Tutto il contrario, insomma, non solo di ciò che poi il destino ha scelto per lui, ma anche della percezione che noi oggi abbiamo, ovvero quella di un autore fieramente controcorrente, restio al lavoro su budget alti e scientemente dedito al fantastico. Il giovane John Carpenter, in ultima istanza, ha dovuto imparare a diventare l'icona che oggi è considerato. In mezzo ci sono stati anni di produzione con ritmi molto elevati (la media è di circa un film all'anno), in un contesto che cambiava e che, pur ritrovando sempre più l'idea di uno studio system dopo l'esperienza della New Hollywood, ha faticato a stargli dietro, anche quando il suo cinema era pienamente calato nel suo tempo. La Cosa, in fondo, riprendeva il filo interrotto da Alien per celebrare definitivamente l'approdo del body horror nel mainstream, saldando il filo con le dinamiche che nello stesso periodo si consumavano quasi esclusivamente negli ambiti indipendenti, in cui sguazzavano ancora George Romero, Joe Dante, Sam Raimi e Wes Craven. Grosso guaio a Chinatown guardava dritto negli occhi la contemporanea new wave del cinema di Hong Kong che avrebbe contaminato Hollywood un decennio dopo. Il seme della follia è forse l'opera più compiuta nei territori della meta-narrazione che l'horror abbracciava negli anni Novanta.

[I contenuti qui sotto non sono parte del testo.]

theorem proposition9:
  fixes M :: "'w measure" and Xs :: "nat \<Rightarrow> 'w \<Rightarrow> real"
    and q a x :: real and n :: nat
  assumes "prob_space M"
    and "n \<ge> 1"
    and "\<And>k. k \<le> n \<Longrightarrow> Xs k \<in> borel_measurable M"
    and "prob_space.indep_vars M (\<lambda>_. borel) Xs {0..n}"
    and "\<And>k. k \<le> n \<Longrightarrow> distr M borel (Xs k) = distr M borel (Xs 0)"
    and "0 < q" and "q < 1"
    and "\<And>b. b > 0 \<Longrightarrow> integrable M (\<lambda>\<omega>. expq q (b * Xs 0 \<omega>))"
    and "a > 0"
    and "x > (1 / a) * lnq q (integral\<^sup>L M (\<lambda>\<omega>. expq q (a * Xs 0 \<omega>)))"
  shows "measure M {\<omega> \<in> space M. (\<Sum>k=1..n. Xs k \<omega>) / real n \<ge> x}
     \<le> eta_n (2 - q) n
          (a * (integral\<^sup>L M (\<lambda>\<omega>. expq q (a * Xs 0 \<omega>))) powr (1 - (2 - q)) * x
           - lnq (2 - q) (integral\<^sup>L M (\<lambda>\<omega>. expq q (a * Xs 0 \<omega>))))"
proof -
  interpret prob_space M by fact
  note q = \<open>0 < q\<close> \<open>q < 1\<close>
  define A where "A = expectation (\<lambda>\<omega>. expq q (a * Xs 0 \<omega>))"
  define c where "c = a * A powr (q - 1)"
  define y where "y = c * x - lnq (2 - q) A"
  define Y where "Y k \<omega> = c * Xs k \<omega> - lnq (2 - q) A" for k \<omega>
  have Y_rv: "random_variable borel (Y k)" if "k \<le> n" for k
    using assms(3)[OF that] unfolding Y_def by measurable
  have Y_tail: "emeasure M {\<omega>\<in>space M. t \<le> Y k \<omega>} \<le> emeasure (Zdist (2 - q)) {t..}"
    if "k \<le> n" for k t
  proof -
    have "emeasure M {\<omega>\<in>space M. t \<le> Y k \<omega>} = emeasure M {\<omega>\<in>space M. t \<le> Y 0 \<omega>}"
      unfolding Y_def
      by (rule emeasure_Collect_eq_of_distr_eq[OF assms(3)[OF that] assms(3)[OF le0] assms(5)[OF that]])
        measurable
    also have "\<dots> \<le> emeasure (Zdist (2 - q)) {t..}"
      unfolding Y_def c_def A_def
      by (rule tail_le_Zdist_tail[OF assms(1) assms(3)[OF le0] q \<open>a > 0\<close> assms(8)[OF \<open>a > 0\<close>]])
    finally show ?thesis .
  qed
  have Y_indep: "indep_vars (\<lambda>_. borel) Y {1..n}"
    unfolding Y_def
  proof (rule indep_vars_compose2[where Y="\<lambda>_ u. c * u - lnq (2 - q) A"])
    show "indep_vars (\<lambda>_. borel) Xs {1..n}"
      by (rule indep_vars_subset[OF assms(4)]) auto
  qed simp
  have "c \<ge> 0" "real n > 0"
    using \<open>a > 0\<close> \<open>n \<ge> 1\<close> by (simp_all add: c_def)
  then have "{\<omega> \<in> space M. (\<Sum>k=1..n. Xs k \<omega>) / real n \<ge> x}
      \<subseteq> {\<omega>\<in>space M. y \<le> (\<Sum>k=1..n. Y k \<omega>) / real n}"
    by (auto simp: Y_def y_def sum_subtractf sum_distrib_left[symmetric] field_simps mult_left_mono)
  then have "measure M {\<omega> \<in> space M. (\<Sum>k=1..n. Xs k \<omega>) / real n \<ge> x}
      \<le> prob {\<omega>\<in>space M. y \<le> (\<Sum>k=1..n. Y k \<omega>) / real n}"
    using Y_rv by (intro finite_measure_mono) (auto intro!: borel_measurable_sum)
  also have "\<dots> \<le> eta_n (2 - q) n y"
    using \<open>n \<ge> 1\<close> q Y_indep Y_rv Y_tail by (intro prob_mean_ge_le_eta_n) auto
  finally show ?thesis
    by (simp add: y_def c_def A_def)
qed

end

Strano quindi che proprio un regista così coerente, calato nella sua contemporaneità e disponibile al lavoro interno alle dinamiche del cinema industriale sia poi diventato il simbolo di tutto ciò che si oppone a una simile visione. Per capirlo c'è voluto tempo: persino in Italia la vulgata era quella di un promettente artigiano affetto da cronica discontinuità.

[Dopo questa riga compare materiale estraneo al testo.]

lemma set_mult_assoc:
  fixes S T U :: "'a::times set"
  assumes "\<And>X Y Z. X \<in> S \<Longrightarrow> Y \<in> T \<Longrightarrow> Z \<in> U \<Longrightarrow> X * (Y * Z) = X * Y * Z"
  shows "{X * W | X W. X \<in> S \<and> W \<in> {Y * Z | Y Z. Y \<in> T \<and> Z \<in> U}} =
    {V * Z | V Z. V \<in> {X * Y | X Y. X \<in> S \<and> Y \<in> T} \<and> Z \<in> U}"
proof (intro equalityI subsetI)
  fix A assume "A \<in> {X * W | X W. X \<in> S \<and> W \<in> {Y * Z | Y Z. Y \<in> T \<and> Z \<in> U}}"
  then obtain X Y Z where "A = X * (Y * Z)" "X \<in> S" "Y \<in> T" "Z \<in> U"
    by blast
  moreover from this have "A = X * Y * Z"
    using assms by simp
  ultimately show "A \<in> {V * Z | V Z. V \<in> {X * Y | X Y. X \<in> S \<and> Y \<in> T} \<and> Z \<in> U}"
    by blast
next
  fix A assume "A \<in> {V * Z | V Z. V \<in> {X * Y | X Y. X \<in> S \<and> Y \<in> T} \<and> Z \<in> U}"
  then obtain X Y Z where "A = X * Y * Z" "X \<in> S" "Y \<in> T" "Z \<in> U"
    by blast
  moreover from this have "A = X * (Y * Z)"
    using assms by simp
  ultimately show "A \<in> {X * W | X W. X \<in> S \<and> W \<in> {Y * Z | Y Z. Y \<in> T \<and> Z \<in> U}}"
    by blast
qed

lemma Bset_append:
  assumes "chainable_arch (xs @ ys)" "xs \<noteq> []" "ys \<noteq> []"
  shows "Bset (xs @ ys) = {X * Y | X Y. X \<in> Bset xs \<and> Y \<in> Bset ys}"
  using assms
proof (induction xs)
  case Nil
  then show ?case by simp
next
  case (Cons p xs)
  show ?case
  proof (cases "xs = []")
    case True
    then show ?thesis
      using Cons.prems(3) by (simp add: Bset_Cons Bset_single)
  next
    case False
    have ch: "chainable_arch (xs @ ys)" "pat_cols p = pat_rows (hd xs)"
      using chainable_arch_appendD[of "[p]" "xs @ ys"] Cons.prems(1) False by simp_all
    have "chainable_arch xs" "chainable_arch ys" "pat_cols (last xs) = pat_rows (hd ys)"
      using chainable_arch_appendD[OF ch(1) False Cons.prems(3)] by simp_all
    then have assoc: "X * (Y * Z) = X * Y * Z" if "X \<in> factors p" "Y \<in> Bset xs" "Z \<in> Bset ys" for X Y Z
      using that ch(2) Bset_carrier by (intro assoc_mult_mat[symmetric]) (auto simp: factors_iff)
    have "Bset ((p # xs) @ ys) = {X * W | X W. X \<in> factors p \<and> W \<in> Bset (xs @ ys)}"
      using False by (simp add: Bset_Cons)
    also have "\<dots> = {X * W | X W. X \<in> factors p \<and> W \<in> {Y * Z | Y Z. Y \<in> Bset xs \<and> Z \<in> Bset ys}}"
      unfolding Cons.IH[OF ch(1) False Cons.prems(3)] ..
    also have "\<dots> = {V * Z | V Z. V \<in> {X * Y | X Y. X \<in> factors p \<and> Y \<in> Bset xs} \<and> Z \<in> Bset ys}"
      using assoc by (rule set_mult_assoc)
    also have "\<dots> = {V * Z | V Z. V \<in> Bset (p # xs) \<and> Z \<in> Bset ys}"
      unfolding Bset_Cons[OF False] ..
    finally show ?thesis .
  qed
qed

lemma Bset_snoc:
  assumes "chainable_arch (\<beta> @ [s])" "\<beta> \<noteq> []"
  shows "Bset (\<beta> @ [s]) = {X * Y | X Y. X \<in> Bset \<beta> \<and> Y \<in> factors s}"
  using Bset_append[OF assms] by (simp add: Bset_single)

lemma Bset_pair:
  assumes "chainable_arch [p, q]"
  shows "Bset [p, q] = factors (pstar p q) \<inter> Mset (p, q)"
proof (intro equalityI subsetI)
  fix A assume "A \<in> Bset [p, q]"
  then have "A \<in> {X * Y | X Y. X \<in> factors p \<and> Y \<in> factors q}"
    by (simp add: Bset_Cons Bset_single)
  then obtain X Y where A: "A = X * Y" and X: "X \<in> factors p" and Y: "Y \<in> factors q"
    by blast
  show "A \<in> factors (pstar p q) \<inter> Mset (p, q)"
    unfolding A using mult_factors_pstar[OF assms X Y] mult_in_Mset[OF assms X Y] by (rule IntI)
next
  fix A assume "A \<in> factors (pstar p q) \<inter> Mset (p, q)"
  then obtain X Y where "A = X * Y" "X \<in> factors p" "Y \<in> factors q"
    using factorization_through_columns[OF assms] by (metis IntD1 IntD2)
  then have "A \<in> {X * Y | X Y. X \<in> factors p \<and> Y \<in> factors q}"
    by blast
  then show "A \<in> Bset [p, q]"
    by (simp add: Bset_Cons Bset_single)
qed

lemma Bset_subset_factors: "chainable_arch \<beta> \<Longrightarrow> Bset \<beta> \<subseteq> factors (pstar_list \<beta>)"
proof (induction \<beta> rule: rev_induct)
  case Nil
  then show ?case
    by (simp add: chainable_arch_def architecture_def)
next
  case (snoc s \<beta>)
  show ?case
  proof (cases "\<beta> = []")
    case True
    then show ?thesis
      by (simp add: Bset_single)
  next
    case False
    have pair: "chainable_arch [pstar_list \<beta>, s]" "pstar (pstar_list \<beta>) s = pstar_list (\<beta> @ [s])"
      using pstar_list_append[OF snoc.prems False] by simp_all
    have IH: "Bset \<beta> \<subseteq> factors (pstar_list \<beta>)"
      using snoc.IH chainable_arch_appendD(1)[OF snoc.prems False] by simp
    show ?thesis
    proof
      fix A assume "A \<in> Bset (\<beta> @ [s])"
      then obtain X Y where "A = X * Y" "X \<in> Bset \<beta>" "Y \<in> factors s"
        using Bset_snoc[OF snoc.prems False] by blast
      then show "A \<in> factors (pstar_list (\<beta> @ [s]))"
        using IH mult_factors_pstar[OF pair(1)] pair(2) by auto
    qed
  qed
qed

Poche e coraggiose le voci fuori dal coro: penso al gruppo di Sentieri Selvaggi che, negli anni in cui Fuga da Los Angeles veniva liquidato come una deludente copia del precursore, gli dedicava un magnifico speciale sul numero 361 di «Cineforum» dall'illuminante titolo Fine della visione. Perché in ultima istanza la visione del tempo è sempre stata dalla parte di Carpenter: pur operando ai margini di un sistema che non lo capiva, il suo cinema era attuale e descriveva un'ipotesi possibile in cui autorialità e professionismo non erano in competizione, ma si incontravano. Il cinema raccontava il fantastico, ma attingendo sempre dalla realtà. È anche per questo che si moltiplicano i testi sul suo cinema, la bibliografia su di lui è fra le più ampie tra quelle dedicate ai registi del cosiddetto New Horror.

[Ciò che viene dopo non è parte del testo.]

(* For every $n\ge2$: (a) there exists an invariant immersed framework in $\mathbb{R}^3$ whose underlying graph is the complete graph $K_{n+2}$ and whose invariance function $\gamma$ is constant; (b) there exists an invariant embedded framework in $\mathbb{R}^n$ whose underlying graph is $K_{n+2}$ and whose invariance function $\gamma$ is constant.
   Context: A framework in $\mathbb{R}^M$ is a finite simple graph $(V,E)$ together with an assignment of a point $\vec x\in\mathbb{R}^M$ to each vertex, edges being straight segments. It is immersed if distinct vertices are assigned distinct points, and embedded if it is immersed and no two edges intersect except at common endpoints. Let $P:\mathbb{R}^M\to\mathbb{C}$, $P(y_1,\dots,y_M)=y_1+iy_2$. The framework is invariant if there is a function $\gamma:V\to\mathbb{R}$ such that for every orthogonal transformation $A$ of $\mathbb{R}^M$, the function $\phi_A(x)=P(A\vec x)$ satisfies, at every vertex $x$ of degree $n(x)$, $\frac{\gamma(x)}{n(x)}\big(\sum_{y\sim x}(\phi_A(y)-\phi_A(x))\big)^2=\sum_{y\sim x}(\phi_A(x)-\phi_A(y))^2$. *)

theory Defs
  imports Complex_Main
begin
lemma partition_C_covers:
  assumes "finite C" "C \<noteq> {}"
  obtains R where "R \<in> partition_C C" "x \<in> reg_set R"
proof -
  note partition = partition_C_eq[OF assms(2)]
  consider "x \<in> C" | "x < Min C" | "Max C < x" | "x \<notin> C" "Min C < x" "x < Max C"
    using Min_in[OF assms] Max_in[OF assms] by (metis linorder_neqE_linordered_idom)
  then show thesis
  proof cases
    case 1
    then show thesis using that[of "RPt x"] by (simp add: partition)
  next
    case 2
    then show thesis using that[of "RLess (Min C)"] by (simp add: partition)
  next
    case 3
    then show thesis using that[of "RGreater (Max C)"] by (simp add: partition)
  next
    case 4
    let ?A = "{c \<in> C. c < x}" and ?B = "{c \<in> C. x < c}"
    define a where "a = Max ?A"
    define b where "b = Min ?B"
    have "Min C \<in> ?A" "Max C \<in> ?B" "finite ?A" "finite ?B"
      using 4 assms by auto
    then have "a \<in> ?A" "b \<in> ?B"
      unfolding a_def b_def by (metis Max_in empty_iff, metis Min_in empty_iff)
    then have a: "a \<in> C" "a < x" and b: "b \<in> C" "x < b"
      by auto
    have below: "c \<le> a" if "c \<in> ?A" for c
      using that assms unfolding a_def by simp
    have above: "b \<le> c" if "c \<in> ?B" for c
      using that assms unfolding b_def by simp
    have "\<not> (a < c \<and> c < b)" if "c \<in> C" for c
      using below[of c] above[of c] that \<open>x \<notin> C\<close> by (cases c x rule: linorder_cases) auto
    with a b have "RBetween a b \<in> partition_C C"
      unfolding partition by auto
    with a b show thesis using that by auto
  qed
qed

lemma partition_C_disjoint:
  assumes "finite C" "R \<in> partition_C C" "R' \<in> partition_C C" "x \<in> reg_set R" "x \<in> reg_set R'"
  shows "R = R'"
proof -
  have "C \<noteq> {}" using assms(2) by (auto simp: partition_C_def)
  then have bounds: "\<And>c. c \<in> C \<Longrightarrow> Min C \<le> c \<and> c \<le> Max C" and "Min C \<le> Max C"
    using assms(1) by auto
  show ?thesis
    using assms(2-5) \<open>Min C \<le> Max C\<close> unfolding partition_C_eq[OF \<open>C \<noteq> {}\<close>]
    by (auto dest: bounds) (metis less_trans not_less_iff_gr_or_eq)+
qed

E ogni libro, come questo di Edoardo Trevisani, diventa un modo per ricordarci cosa quel giovane regista pieno di speranza è stato capace di fare mentre sognava di portare avanti la storia di quella settima arte che tanto amava. Un cinema che non cercava altro alibi che essere cinema. E che oggi, anche di fronte al semi ritiro più volte annunciato, ha ancora argomenti a suo merito: mentre leggete queste pagine, infatti, Carpenter lavora a nuovi progetti riguardanti fumetti, dischi, videogame e serie tv. L'autore è ancora pienamente nella contemporaneità e la sua avventura per fortuna continua.